◆ **Work required**
From the records below, please return each line that holds the word "hessxt".

___ Supplied data

(* Let $f:\mathbb{R}^n\times\mathbb{R}_+\to\mathbb{R}$ be thrice continuously differentiable with $\nabla_{\mathbf{x}\mathbf{x}} f(\mathbf{x},t)\succeq m\mathbf{I}_n$ for some $m>0$ and all $(\mathbf{x},t)$, and suppose that for all $\mathbf{x},t$ and $i\in\{1,\dots,n\}$: $\|\nabla_{\mathbf{x}\mathbf{x}} f\|_2\le C_{xx}$, $\|\nabla_{\mathbf{x}t} f\|_2\le C_{xt}$, $\|\nabla_{\mathbf{x}\mathbf{x}t} f\|_2\le C_{xxt}$, $\|\nabla_{\mathbf{x}tt} f\|_2\le C_{xtt}$, $\|\nabla_{\mathbf{x}\mathbf{x}\mathbf{x}_i} f\|_2\le C_{xxx}$ for given positive constants. Fix $\alpha>0$, $t_0=0$ and $\mathbf{x}_0\in\mathbb{R}^n$. Construct recursively, for $k=0,1,2,\dots$: $\dot{\mathbf{x}}_k=-\nabla_{\mathbf{x}\mathbf{x}}^{-1} f(\mathbf{x}_k,t_k)[\alpha\nabla_{\mathbf{x}} f(\mathbf{x}_k,t_k)+\nabla_{\mathbf{x}t} f(\mathbf{x}_k,t_k)]$; $\mathbf{x}(t)=\mathbf{x}_k+\dot{\mathbf{x}}_k(t-t_k)$ for $t\in[t_k,t_{k+1}]$; $V(t)=\tfrac12\|\nabla_{\mathbf{x}} f(\mathbf{x}(t),t)\|_2^2$; $t_{k+1}$ is the smallest $t>t_k$ with $\phi_k(t)=0$; and $\mathbf{x}_{k+1}=\mathbf{x}_k+\dot{\mathbf{x}}_k(t_{k+1}-t_k)$. Here $\phi_k$ is either (for all $k$) $$\phi_k(t)=\tfrac12 a_kb_k(t-t_k)^2+\big(a_k^2+b_k\sqrt{2V(t_k)}\big)(t-t_k)-2\alpha V(t_k)$$ or (for all $k$) $$\phi_k(t)=\tfrac12 b_k^2(t-t_k)^3+\tfrac32\alpha\sqrt{2V(t_k)}\,b_k(t-t_k)^2+\big(\sqrt{2V(t_k)}\,b_k+2\alpha^2V(t_k)\big)(t-t_k)-2\alpha V(t_k),$$ with $a_k=C_{xx}\|\dot{\mathbf{x}}_k\|_2+C_{xt}$ and $b_k=(C_{xxx}\|\dot{\mathbf{x}}_k\|_1+2C_{xxt})\|\dot{\mathbf{x}}_k\|_2+C_{xtt}$. Assume $V(t_k)>0$ for every $k$ (so that each $t_{k+1}$ is well defined). Then for every $\epsilon>0$ there exists a finite $k'(\epsilon)\in\mathbb{Z}_+$ with $V(t_{k'(\epsilon)})<\epsilon$.
   Context: $\nabla_{\mathbf{x}} f$ is the gradient in $\mathbf{x}$, $\nabla_{\mathbf{x}\mathbf{x}} f$ the Hessian in $\mathbf{x}$, $\nabla_{\mathbf{x}t} f=\frac{\partial}{\partial t}\nabla_{\mathbf{x}} f$, $\nabla_{\mathbf{x}\mathbf{x}t} f=\frac{\partial}{\partial t}\nabla_{\mathbf{x}\mathbf{x}} f$, $\nabla_{\mathbf{x}tt} f=\frac{\partial^2}{\partial t^2}\nabla_{\mathbf{x}} f$, $\nabla_{\mathbf{x}\mathbf{x}\mathbf{x}_i} f=\frac{\partial}{\partial \mathbf{x}_i}\nabla_{\mathbf{x}\mathbf{x}} f$. Matrix norms are spectral norms; $\|\cdot\|_1$ is the vector one-norm. *)

theory Defs
  imports "HOL-Analysis.Analysis"
begin

text \<open>The derivatives of f are given as bounded linear maps:
  Df p (first derivative), D2f p (second), D3f p (third), where
  D2f p u v is the second directional derivative (first along v, then along u), etc.\<close>

definition C3_on ::
  "('a::real_normed_vector) set \<Rightarrow> ('a \<Rightarrow> real) \<Rightarrow> ('a \<Rightarrow> 'a \<Rightarrow>\<^sub>L real)
   \<Rightarrow> ('a \<Rightarrow> 'a \<Rightarrow>\<^sub>L 'a \<Rightarrow>\<^sub>L real) \<Rightarrow> ('a \<Rightarrow> 'a \<Rightarrow>\<^sub>L 'a \<Rightarrow>\<^sub>L 'a \<Rightarrow>\<^sub>L real) \<Rightarrow> bool" where
  "C3_on D f Df D2f D3f \<longleftrightarrow>
     (\<forall>p\<in>D. (f has_derivative blinfun_apply (Df p)) (at p within D)) \<and>
     (\<forall>p\<in>D. (Df has_derivative blinfun_apply (D2f p)) (at p within D)) \<and>
     (\<forall>p\<in>D. (D2f has_derivative blinfun_apply (D3f p)) (at p within D)) \<and>
     continuous_on D D3f"

definition ex :: "'n::finite \<Rightarrow> (real^'n) \<times> real" where
  "ex i = (axis i 1, 0)"

definition et :: "(real^'n::finite) \<times> real" where
  "et = (0, 1)"

definition gradx :: "((real^'n::finite) \<times> real \<Rightarrow> ((real^'n) \<times> real) \<Rightarrow>\<^sub>L real) \<Rightarrow> real^'n \<Rightarrow> real \<Rightarrow> real^'n" where
  "gradx Df x t = (\<chi> i. Df (x, t) (ex i))"

definition hessx :: "((real^'n::finite) \<times> real \<Rightarrow> ((real^'n) \<times> real) \<Rightarrow>\<^sub>L ((real^'n) \<times> real) \<Rightarrow>\<^sub>L real)
    \<Rightarrow> real^'n \<Rightarrow> real \<Rightarrow> real^'n^'n" where
  "hessx D2f x t = (\<chi> i j. D2f (x, t) (ex i) (ex j))"

definition gradxt :: "((real^'n::finite) \<times> real \<Rightarrow> ((real^'n) \<times> real) \<Rightarrow>\<^sub>L ((real^'n) \<times> real) \<Rightarrow>\<^sub>L real)
    \<Rightarrow> real^'n \<Rightarrow> real \<Rightarrow> real^'n" where
  "gradxt D2f x t = (\<chi> i. D2f (x, t) et (ex i))"

definition hessxt :: "((real^'n::finite) \<times> real \<Rightarrow> ((real^'n) \<times> real) \<Rightarrow>\<^sub>L ((real^'n) \<times> real) \<Rightarrow>\<^sub>L ((real^'n) \<times> real) \<Rightarrow>\<^sub>L real)
    \<Rightarrow> real^'n \<Rightarrow> real \<Rightarrow> real^'n^'n" where
  "hessxt D3f x t = (\<chi> i j. D3f (x, t) et (ex i) (ex j))"

definition gradxtt :: "((real^'n::finite) \<times> real \<Rightarrow> ((real^'n) \<times> real) \<Rightarrow>\<^sub>L ((real^'n) \<times> real) \<Rightarrow>\<^sub>L ((real^'n) \<times> real) \<Rightarrow>\<^sub>L real)
    \<Rightarrow> real^'n \<Rightarrow> real \<Rightarrow> real^'n" where
  "gradxtt D3f x t = (\<chi> i. D3f (x, t) et et (ex i))"

definition hessxxx :: "((real^'n::finite) \<times> real \<Rightarrow> ((real^'n) \<times> real) \<Rightarrow>\<^sub>L ((real^'n) \<times> real) \<Rightarrow>\<^sub>L ((real^'n) \<times> real) \<Rightarrow>\<^sub>L real)
    \<Rightarrow> real^'n \<Rightarrow> real \<Rightarrow> 'n \<Rightarrow> real^'n^'n" where
  "hessxxx D3f x t l = (\<chi> i j. D3f (x, t) (ex l) (ex i) (ex j))"

definition specnorm :: "real^'n::finite^'n \<Rightarrow> real" where
  "specnorm A = onorm (\<lambda>v. A *v v)"

definition norm1 :: "real^'n::finite \<Rightarrow> real" where
  "norm1 v = (\<Sum>i\<in>UNIV. \<bar>v $ i\<bar>)"

definition xdot :: "((real^'n::finite) \<times> real \<Rightarrow> ((real^'n) \<times> real) \<Rightarrow>\<^sub>L real)
    \<Rightarrow> ((real^'n) \<times> real \<Rightarrow> ((real^'n) \<times> real) \<Rightarrow>\<^sub>L ((real^'n) \<times> real) \<Rightarrow>\<^sub>L real)
    \<Rightarrow> real \<Rightarrow> real^'n \<Rightarrow> real \<Rightarrow> real^'n" where
  "xdot Df D2f \<alpha> x t = - (matrix_inv (hessx D2f x t) *v (\<alpha> *\<^sub>R gradx Df x t + gradxt D2f x t))"

definition Vf :: "((real^'n::finite) \<times> real \<Rightarrow> ((real^'n) \<times> real) \<Rightarrow>\<^sub>L real) \<Rightarrow> real^'n \<Rightarrow> real \<Rightarrow> real" where
  "Vf Df x t = 1/2 * (norm (gradx Df x t))^2"

definition acoef :: "real \<Rightarrow> real \<Rightarrow> real^'n::finite \<Rightarrow> real" where
  "acoef Cxx Cxt v = Cxx * norm v + Cxt"

definition bcoef :: "real \<Rightarrow> real \<Rightarrow> real \<Rightarrow> real^'n::finite \<Rightarrow> real" where
  "bcoef Cxxx Cxxt Cxtt v = (Cxxx * norm1 v + 2 * Cxxt) * norm v + Cxtt"

text \<open>phi_k(t) with s = t - t_k, V = V(t_k); cubic selects the second form\<close>
definition phi :: "bool \<Rightarrow> real \<Rightarrow> real \<Rightarrow> real \<Rightarrow> real \<Rightarrow> real \<Rightarrow> real" where
  "phi cubic \<alpha> a b V s =
    (if cubic then 1/2 * b^2 * s^3 + 3/2 * \<alpha> * sqrt (2*V) * b * s^2
                   + (sqrt (2*V) * b + 2 * \<alpha>^2 * V) * s - 2 * \<alpha> * V
     else 1/2 * a * b * s^2 + (a^2 + b * sqrt (2*V)) * s - 2 * \<alpha> * V)"

end

theory Submission
  imports Defs
begin

text \<open>Along the k-th step (x_k + r \<cdot> xdot_k, t_k + r) the gradient g(r) = \<nabla>_x f satisfies
  g'(0) = -\<alpha> g(0) by the choice of xdot_k, and the third-order bounds control g' and g'' by a_k
  and b_k. Taylor estimates for g and g' therefore give V'(r) = g(r) \<bullet> g'(r) \<le> \<phi>_k(r),
  where \<phi>_k is increasing with \<phi>_k(0) = -2\<alpha> V(t_k) < 0. Hence V does not increase up to the
  root t_(k+1) of \<phi>_k. While V(t_k) \<ge> \<epsilon>, strong convexity bounds xdot_k in terms of V(t_0),
  so a_k, b_k are uniformly bounded and \<phi>_k \<le> -\<alpha>\<epsilon> on a fixed interval [0, s]; each step
  then lowers V by at least \<alpha>\<epsilon>s, which cannot go on forever.\<close>

lemma has_derivative_along_line:
  fixes F :: "'a::real_normed_vector \<Rightarrow> real"
  assumes "(F has_derivative F') (at (a + s *\<^sub>R v))"
  shows "((\<lambda>s. F (a + s *\<^sub>R v)) has_derivative (\<lambda>h. h * F' v)) (at s within X)"
proof -
  have "((\<lambda>s. a + s *\<^sub>R v) has_derivative (\<lambda>h. h *\<^sub>R v)) (at s within X)"
    by (auto intro!: derivative_eq_intros)
  from has_derivative_in_compose[OF this has_derivative_subset[OF assms subset_UNIV]]
  show ?thesis
    using linear_scale[OF has_derivative_linear[OF assms]] by (simp add: o_def)
qed

lemma has_derivative_blinfun_apply_left:
  "(G has_derivative G') F \<Longrightarrow> ((\<lambda>q. blinfun_apply (G q) w) has_derivative (\<lambda>u. blinfun_apply (G' u) w)) F"
  by (rule bounded_linear.has_derivative[OF blinfun.bounded_linear_left])

lemma continuous_blinfun_apply_left:
  "continuous F G \<Longrightarrow> continuous F (\<lambda>q. blinfun_apply (G q) w)"
  by (rule bounded_linear.continuous[OF blinfun.bounded_linear_left])

lemma continuous_on_blinfun_apply_left:
  "continuous_on S G \<Longrightarrow> continuous_on S (\<lambda>q. blinfun_apply (G q) w)"
  by (rule bounded_linear.continuous_on[OF blinfun.bounded_linear_left])

lemma second_difference_mean_value:
  fixes F :: "'a::real_normed_vector \<Rightarrow> real" and F' :: "'a \<Rightarrow> 'a \<Rightarrow> real"
    and F'' :: "'a \<Rightarrow> 'a \<Rightarrow> 'a \<Rightarrow> real"
  assumes inS: "\<And>a b. 0 \<le> a \<Longrightarrow> a \<le> h \<Longrightarrow> 0 \<le> b \<Longrightarrow> b \<le> h \<Longrightarrow> p + a *\<^sub>R u + b *\<^sub>R v \<in> S"
    and d1: "\<And>q. q \<in> S \<Longrightarrow> (F has_derivative F' q) (at q)"
    and d2: "\<And>q w. q \<in> S \<Longrightarrow> ((\<lambda>q. F' q w) has_derivative (\<lambda>u. F'' q u w)) (at q)"
    and h: "0 \<le> h"
  obtains \<eta> \<xi> where "0 \<le> \<eta>" "\<eta> \<le> h" "0 \<le> \<xi>" "\<xi> \<le> h"
    "F (p + h *\<^sub>R u + h *\<^sub>R v) - F (p + h *\<^sub>R u) - F (p + h *\<^sub>R v) + F p
       = h^2 * F'' (p + \<eta> *\<^sub>R u + \<xi> *\<^sub>R v) u v"
proof -
  have "\<exists>x\<in>{0..h}. (F (p + h *\<^sub>R u + h *\<^sub>R v) - F (p + h *\<^sub>R v)) - (F (p + h *\<^sub>R u + 0 *\<^sub>R v) - F (p + 0 *\<^sub>R v))
      = (\<lambda>k. k * F' (p + h *\<^sub>R u + x *\<^sub>R v) v - k * F' (p + x *\<^sub>R v) v) (h - 0)"
  proof (rule mvt_very_simple[OF h])
    fix x assume x: "0 \<le> x" "x \<le> h"
    have "p + h *\<^sub>R u + x *\<^sub>R v \<in> S" "p + x *\<^sub>R v \<in> S"
      using inS[of h x] inS[of 0 x] x h by auto
    then show "((\<lambda>s. F (p + h *\<^sub>R u + s *\<^sub>R v) - F (p + s *\<^sub>R v)) has_derivative
        (\<lambda>k. k * F' (p + h *\<^sub>R u + x *\<^sub>R v) v - k * F' (p + x *\<^sub>R v) v)) (at x within {0..h})"
      by (intro has_derivative_diff has_derivative_along_line d1)
  qed
  then obtain \<xi> where \<xi>: "0 \<le> \<xi>" "\<xi> \<le> h"
    "F (p + h *\<^sub>R u + h *\<^sub>R v) - F (p + h *\<^sub>R u) - F (p + h *\<^sub>R v) + F p
       = h * (F' (p + \<xi> *\<^sub>R v + h *\<^sub>R u) v - F' (p + \<xi> *\<^sub>R v + 0 *\<^sub>R u) v)"
    by (auto simp: algebra_simps)
  have "\<exists>x\<in>{0..h}. F' (p + \<xi> *\<^sub>R v + h *\<^sub>R u) v - F' (p + \<xi> *\<^sub>R v + 0 *\<^sub>R u) v
      = (\<lambda>k. k * F'' (p + \<xi> *\<^sub>R v + x *\<^sub>R u) u v) (h - 0)"
  proof (rule mvt_very_simple[OF h])
    fix x assume x: "0 \<le> x" "x \<le> h"
    then have "p + \<xi> *\<^sub>R v + x *\<^sub>R u \<in> S"
      using inS[of x \<xi>] \<xi> by (auto simp: algebra_simps)
    then show "((\<lambda>s. F' (p + \<xi> *\<^sub>R v + s *\<^sub>R u) v) has_derivative
        (\<lambda>k. k * F'' (p + \<xi> *\<^sub>R v + x *\<^sub>R u) u v)) (at x within {0..h})"
      by (intro has_derivative_along_line[where F = "\<lambda>q. F' q v"] d2)
  qed
  then obtain \<eta> where \<eta>: "0 \<le> \<eta>" "\<eta> \<le> h"
    "F' (p + \<xi> *\<^sub>R v + h *\<^sub>R u) v - F' (p + \<xi> *\<^sub>R v + 0 *\<^sub>R u) v = h * F'' (p + \<eta> *\<^sub>R u + \<xi> *\<^sub>R v) u v"
    by (auto simp: algebra_simps)
  show ?thesis
    using \<xi> \<eta> by (intro that[of \<eta> \<xi>]) (simp_all add: power2_eq_square)
qed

______

◆ **Expected answer**
definition hessxt :: "((real^'n::finite) \<times> real \<Rightarrow> ((real^'n) \<times> real) \<Rightarrow>\<^sub>L ((real^'n) \<times> real) \<Rightarrow>\<^sub>L ((real^'n) \<times> real) \<Rightarrow>\<^sub>L real)
  "hessxt D3f x t = (\<chi> i j. D3f (x, t) et (ex i) (ex j))"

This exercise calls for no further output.